本申请实施例公开了一种伴奏的生成方法、设备及存储介质,该伴奏的生成方法包括:获取干声信号集合,干声信号集合中包括目标歌曲对应的x个干声信号;基于N个虚拟三维空间声像位置中的每个虚拟三维空间声像位置处对应的干声信号生成虚拟声音信号,其中,x个干声信号对应N个虚拟三维空间声像位置,N个虚拟三维空间声像位置不相同,且每一个虚拟三维空间声像位置被允许与x个干声信号中的一个或者多个干声信号对应;对虚拟声音信号集合中的各个虚拟声音信号进行合并处理,得到合唱干声;按照声效优化规则将合唱干声与目标歌曲的背景音乐进行音效合成处理,得到目标歌曲的伴奏。采用本申请,可以实现伴奏立体环绕的效果。

Description

一种伴奏的生成方法、设备及存储介质 技术领域
本申请涉及计算机应用技术领域,尤其涉及一种伴奏的生成方法、设备及存储介质。
背景技术
随着虚拟现实(Virtual Reality)技术的发展,虚拟三维(Three-Dimensional,3D)音频技术也在逐渐优化。虚拟3D音频技术可以营造立体动态效果,将其应用到唱歌软件,能给用户带来身临其境的体验。目前,将虚拟3D音频技术应用在多人合唱的场景下时,现有的技术解决方案是将多路人声直接加权叠加,然而这种处理方法使得音效听感不够立体,导致用户体验不佳。
发明内容
本申请实施例提供了一种伴奏的生成方法、设备及存储介质,可全方位实现音频立体环绕的效果,提高用户体验。

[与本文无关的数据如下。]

lemma convex_combination_eq_1_iff:
  fixes l g :: "'b \<Rightarrow> real"
  assumes P: "finite P" and l: "\<And>p. p \<in> P \<Longrightarrow> 0 \<le> l p" "sum l P = 1"
    and g: "\<And>p. p \<in> P \<Longrightarrow> g p \<le> 1"
  shows "(\<Sum>p\<in>P. l p * g p) = 1 \<longleftrightarrow> (\<forall>p\<in>P. 0 < l p \<longrightarrow> g p = 1)"
proof -
  have "(\<Sum>p\<in>P. l p * g p) = 1 \<longleftrightarrow> (\<Sum>p\<in>P. l p * (1 - g p)) = 0"
    using l(2) by (simp add: right_diff_distrib sum_subtractf)
  also have "\<dots> \<longleftrightarrow> (\<forall>p\<in>P. l p * (1 - g p) = 0)"
    using P by (rule sum_nonneg_eq_0_iff) (simp add: l(1) g)
  also have "\<dots> \<longleftrightarrow> (\<forall>p\<in>P. 0 < l p \<longrightarrow> g p = 1)"
  proof (intro ball_cong refl)
    fix p assume "p \<in> P"
    then show "l p * (1 - g p) = 0 \<longleftrightarrow> (0 < l p \<longrightarrow> g p = 1)"
      using l(1)[of p] by (cases "l p = 0") auto
  qed
  finally show ?thesis .
qed

text \<open>For a polyhedral norm every duality set is a face of the dual ball cut out by finitely many
  extreme points A of the unit ball: those carrying positive weight in a convex representation of
  u / N u.\<close>
lemma duality_map_eq_extreme_face:
  fixes N :: "'a::euclidean_space \<Rightarrow> real"
  assumes N: "is_norm N" and fin: "finite {p. p extreme_point_of {x. N x \<le> 1}}"
  obtains A where "A \<subseteq> {p. p extreme_point_of {x. N x \<le> 1}}"
    "duality_map N u = {\<phi> \<in> dual_ball N. \<forall>p\<in>A. \<phi> p = 1}"
proof (cases "u = 0")
  case True
  then show thesis
    by (intro that[of "{}"]) (auto simp: duality_map_def dual_ball_def linear_0 is_norm_zero[OF N])
next
  case False
  define P where "P = {p. p extreme_point_of {x. N x \<le> 1}}"
  define z where "z = (1 / N u) *\<^sub>R u"
  have Nu: "N u > 0" using is_norm_pos[OF N False] .
  have "{x. N x \<le> 1} = convex hull P"
    unfolding P_def using compact_is_norm_unit_ball[OF N] convex_sublevel[OF convex_on_is_norm[OF N]]
    by (rule Krein_Milman_Minkowski)
  moreover have "N z \<le> 1" using Nu by (simp add: z_def is_norm_scaleR[OF N])
  ultimately have "z \<in> convex hull P" by blast
  then obtain l where l: "\<And>p. p \<in> P \<Longrightarrow> 0 \<le> l p" "sum l P = 1" "(\<Sum>p\<in>P. l p *\<^sub>R p) = z"
    using fin by (auto simp: P_def convex_hull_finite)
  have P_le: "N p \<le> 1" if "p \<in> P" for p
    using that by (simp add: P_def extreme_point_of_def)
  show thesis
  proof (rule that[of "{p\<in>P. 0 < l p}"])
    show "{p\<in>P. 0 < l p} \<subseteq> {p. p extreme_point_of {x. N x \<le> 1}}" by (auto simp: P_def)
    have "\<phi> u = N u \<longleftrightarrow> (\<forall>p\<in>{p\<in>P. 0 < l p}. \<phi> p = 1)" if "\<phi> \<in> dual_ball N" for \<phi>
    proof -
      have lin: "linear \<phi>" and bd: "\<And>x. \<bar>\<phi> x\<bar> \<le> N x" using that by (auto simp: dual_ball_def)
      have "\<phi> u = N u \<longleftrightarrow> \<phi> z = 1"
        using Nu by (auto simp: z_def linear_scale[OF lin] field_simps)
      also have "\<phi> z = (\<Sum>p\<in>P. l p * \<phi> p)"
        by (simp add: l(3)[symmetric] linear_sum[OF lin] linear_scale[OF lin])
      also have "\<dots> = 1 \<longleftrightarrow> (\<forall>p\<in>P. 0 < l p \<longrightarrow> \<phi> p = 1)"
      proof (rule convex_combination_eq_1_iff[OF _ l(1,2)])
        show "finite P" using fin by (simp add: P_def)
        show "\<phi> p \<le> 1" if "p \<in> P" for p using bd[of p] P_le[OF that] by linarith
      qed
      finally show ?thesis by blast
    qed
    then show "duality_map N u = {\<phi> \<in> dual_ball N. \<forall>p\<in>{p\<in>P. 0 < l p}. \<phi> p = 1}"
      by (auto simp: duality_map_def)
  qed
qed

一方面,本申请实施例提供了一种伴奏的生成方法,包括:
获取干声信号集合,干声信号集合中包括目标歌曲对应的x个干声信号,x为大于1的整数;
基于N个虚拟三维空间声像位置中的每个虚拟三维空间声像位置处对应的干声信号生成虚拟声音信号,其中,x个干声信号对应N个虚拟三维空间声像位置,N为大于1的整数,N个虚拟三维空间声像位置不相同,且每一个虚拟三维空间声像位置被允许与x个干声信号中的一个或者多个干声信号对应;
对虚拟声音信号集合中的各个虚拟声音信号进行合并处理,得到合唱干声,该虚拟声音信号集合包括:在N个虚拟三维空间声像位置中的每个虚拟三维空间声像位置处的虚拟声音信号;
按照声效优化规则将合唱干声与目标歌曲的背景音乐进行音效合成处理,得到目标歌曲的伴奏。
一方面,本申请实施例提供了一种伴奏的播放处理方法,包括:
显示用户界面,用户界面用于接收对目标歌曲的选择指令;
若在用户界面接收到的选择指令指示对目标歌曲的伴奏模式为合唱伴奏模式,则获取目标歌曲对应的伴奏;
播放目标歌曲对应的伴奏;
伴奏是根据合唱干声和背景音乐生成的,合唱干声是根据干声信号集合中的多个干声信号生成的,干声信号集合中的多个干声信号对应多个不同的虚拟三维空间声像位置,干声信号集合是根据多个用户针对目标歌曲录入的干声信号得到的。
另一方面,本申请实施例提供了一种伴奏的生成装置,包括:
获取单元,用于获取干声信号集合,干声信号集合中包括目标歌曲对应的x个干声信号,x为大于1的整数;基于N个虚拟三维空间声像位置中的每个虚拟三维空间声像位置处对应的干声信号生成虚拟声音信号,其中,x个干声信号对应N个虚拟三维空间声像位置,N为大于1的整数,N个虚拟三维空间声像位置不相同,且每一个虚拟三维空间声像位置被允许与x个干声信号中的一个或者多个干声信号对应。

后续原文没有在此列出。